渓流手帖

藤津川

新潟県

大佐渡の妙見山から落合橋の上流で右岸から国府川に合流する支流で、長さは8,430メートル。1984年竣工の藤津川ダムがある。滝の多い川で、白雲の滝まで大小あわせて12の滝を数えられる。 堰堤を左岸から高巻いて遡行するとF1(5メートル)とF2(5メートル)が現れる。F1の手前から右岸に巻き道があり、F2の上部に下りられる。F2から先はしばらく滝がなく、標高350メートルを過ぎたあたりからアタリが出始める。F3、F4(各3メートル)、F5(7メートル)、F6(3メートル)と続き、F7が落差15メートルの白滝、その上が落差20メートル以上の黒滝になる。白滝も黒滝も下からは上段が見えない段瀑である。白滝を越えるには右岸の急斜面を15メートルほど直登することになり、掴まる枝が少ないので自己確保をしたほうがよい。 林道地獄谷線で川は二俣に分かれる。左俣では過去に28センチが出たポイントで26センチが出ているが、そこから上は落差のある険しい沢が続きアタリはなくなる。右俣には落差10メートルの魚止めの滝があり、18センチほどの岩魚が確認されている。その上流には地元のトレッキングクラブが白雲台にちなんで名づけた白雲の滝がある。水量が乏しいので、春先か大雨のあとに行くのがよいとされる。 岩魚釣りに関しては絶滅危惧河川に入るような川だと書き手は書いている。 国府川漁業協同組合は2018年2月23日に解散を決議し、以後この水系に漁業協同組合は無く、第五種共同漁業権も設定されていない。新潟県の内水面漁場計画で佐渡島に置かれている漁業権は内共第22号の羽茂川ただ一つで、国府川水系はそこに入らない。

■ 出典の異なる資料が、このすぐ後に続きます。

lemma nice_partition_singleton:
  fixes W L :: "('a::field ^ 'n) set"
  assumes L: "hyperplane_in W L"
  shows "nice_partition W {L} [{L}]"
proof -
  have "L \<subseteq> W" "vec.dim L + 1 = vec.dim W" using L by (auto simp: hyperplane_in_def)
  then have "L \<noteq> W" by auto
  have "independent_partition W [{L}]"
    unfolding independent_partition_def
  proof (intro allI impI)
    fix f :: "nat \<Rightarrow> _" assume "\<forall>i<length [{L}]. f i \<in> [{L}] ! i"
    then have "{f i |i. i < length [{L}]} = {L}" by auto
    then show "codim_in W (W \<inter> \<Inter> {f i |i. i < length [{L}]}) = length [{L}]"
      using \<open>L \<subseteq> W\<close> \<open>vec.dim L + 1 = vec.dim W\<close> by (simp add: codim_in_def Int_absorb1)
  qed
  moreover have "intersection_lattice W {L} - {W} = {L}"
    using \<open>L \<subseteq> W\<close> \<open>L \<noteq> W\<close> by (auto simp: intersection_lattice_def Int_absorb1 subset_singleton_iff)
  ultimately show ?thesis
    by (simp add: nice_partition_def is_partition_def localization_def)
qed

lemma nice_partition_two_blocks:
  fixes W L :: "('a::field ^ 'n) set"
  assumes W: "vec.subspace W" "vec.dim W = 2" and L: "hyperplane_in W L"
    and R: "\<forall>H\<in>R. hyperplane_in W H" "R \<noteq> {}" "L \<notin> R"
  shows "nice_partition W (insert L R) [R, {L}]"
proof -
  have meet_L: "H \<inter> L = {0}" if "H \<in> R" for H
    using hyperplane_in_Int_eq_zero[OF W _ L] that R by auto
  have "independent_partition W [R, {L}]"
    unfolding independent_partition_def
  proof (intro allI impI)
    fix f :: "nat \<Rightarrow> _" assume "\<forall>i<length [R, {L}]. f i \<in> [R, {L}] ! i"
    then have "f 0 \<in> R" "f 1 = L" by (auto dest: spec[of _ 0] spec[of _ 1])
    moreover have "{f i |i. i < length [R, {L}]} = {f 0, f 1}" by (auto simp: less_Suc_eq)
    ultimately have "W \<inter> \<Inter> {f i |i. i < length [R, {L}]} = {0}"
      using meet_L W(1) vec.subspace_0 by auto
    then show "codim_in W (W \<inter> \<Inter> {f i |i. i < length [R, {L}]}) = length [R, {L}]"
      using W by (simp add: codim_in_def)
  qed
  moreover have "\<exists>i<length [R, {L}]. card ([R, {L}] ! i \<inter> localization (insert L R) X) = 1"
    if X: "X \<in> intersection_lattice W (insert L R) - {W}" for X
  proof (cases "X \<subseteq> L")
    case True
    then have "[R, {L}] ! 1 \<inter> localization (insert L R) X = {L}" by (auto simp: localization_def)
    then show ?thesis by (intro exI[of _ 1]) auto
  next
    case False
    obtain B where B: "B \<subseteq> insert L R" "X = W \<inter> \<Inter>B" "X \<noteq> W"
      using X by (auto simp: intersection_lattice_def)
    then obtain H where "H \<in> B" by auto
    then have "X \<subseteq> H" "H \<in> R" using B False by auto
    have "R \<inter> localization (insert L R) X = {H}"
    proof -
      have "K = H" if "K \<in> R" "X \<subseteq> K" for K
      proof (rule ccontr)
        assume "K \<noteq> H"
        then have "H \<inter> K = {0}"
          using hyperplane_in_Int_eq_zero[OF W, of H K] R(1) \<open>H \<in> R\<close> \<open>K \<in> R\<close> by simp
        then have "X \<subseteq> {0}" using \<open>X \<subseteq> H\<close> \<open>X \<subseteq> K\<close> by blast
        moreover have "0 \<in> L" using vec.subspace_0[OF hyperplane_in_subspace[OF L]] .
        ultimately show False using False by blast
      qed
      then show ?thesis unfolding localization_def using \<open>X \<subseteq> H\<close> \<open>H \<in> R\<close> by blast
    qed
    then show ?thesis by (intro exI[of _ 0]) auto
  qed
  ultimately show ?thesis
    using is_partition_two_blocks[OF R(2,3)] by (simp add: nice_partition_def)
qed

したがって遊漁券は要らない。ただし管理する母体が無くなっても新潟県内水面漁業調整規則は県内のどの川にもかかるので、いわなとやまめは10月1日から2月末日までが禁漁、全長15センチ以下は通年で採捕できない。解禁が3月1日であることは漁協があった頃と変わらない。 放流をする組織が無いので、いま釣れる魚は自然に再生産されたものか、漁協時代に放流された魚の子孫ということになる。国府川水系の岩魚の稚魚は魚野川あたりから持ってきたものだと漁協関係者が話しており、島外の系統が混じっている可能性がある。漁協が解散してからは山女魚の姿が消え、残った岩魚も源流部で細々と生きている状態が続いている。数が少ないので、持ち帰る数は自分で決めるほかない。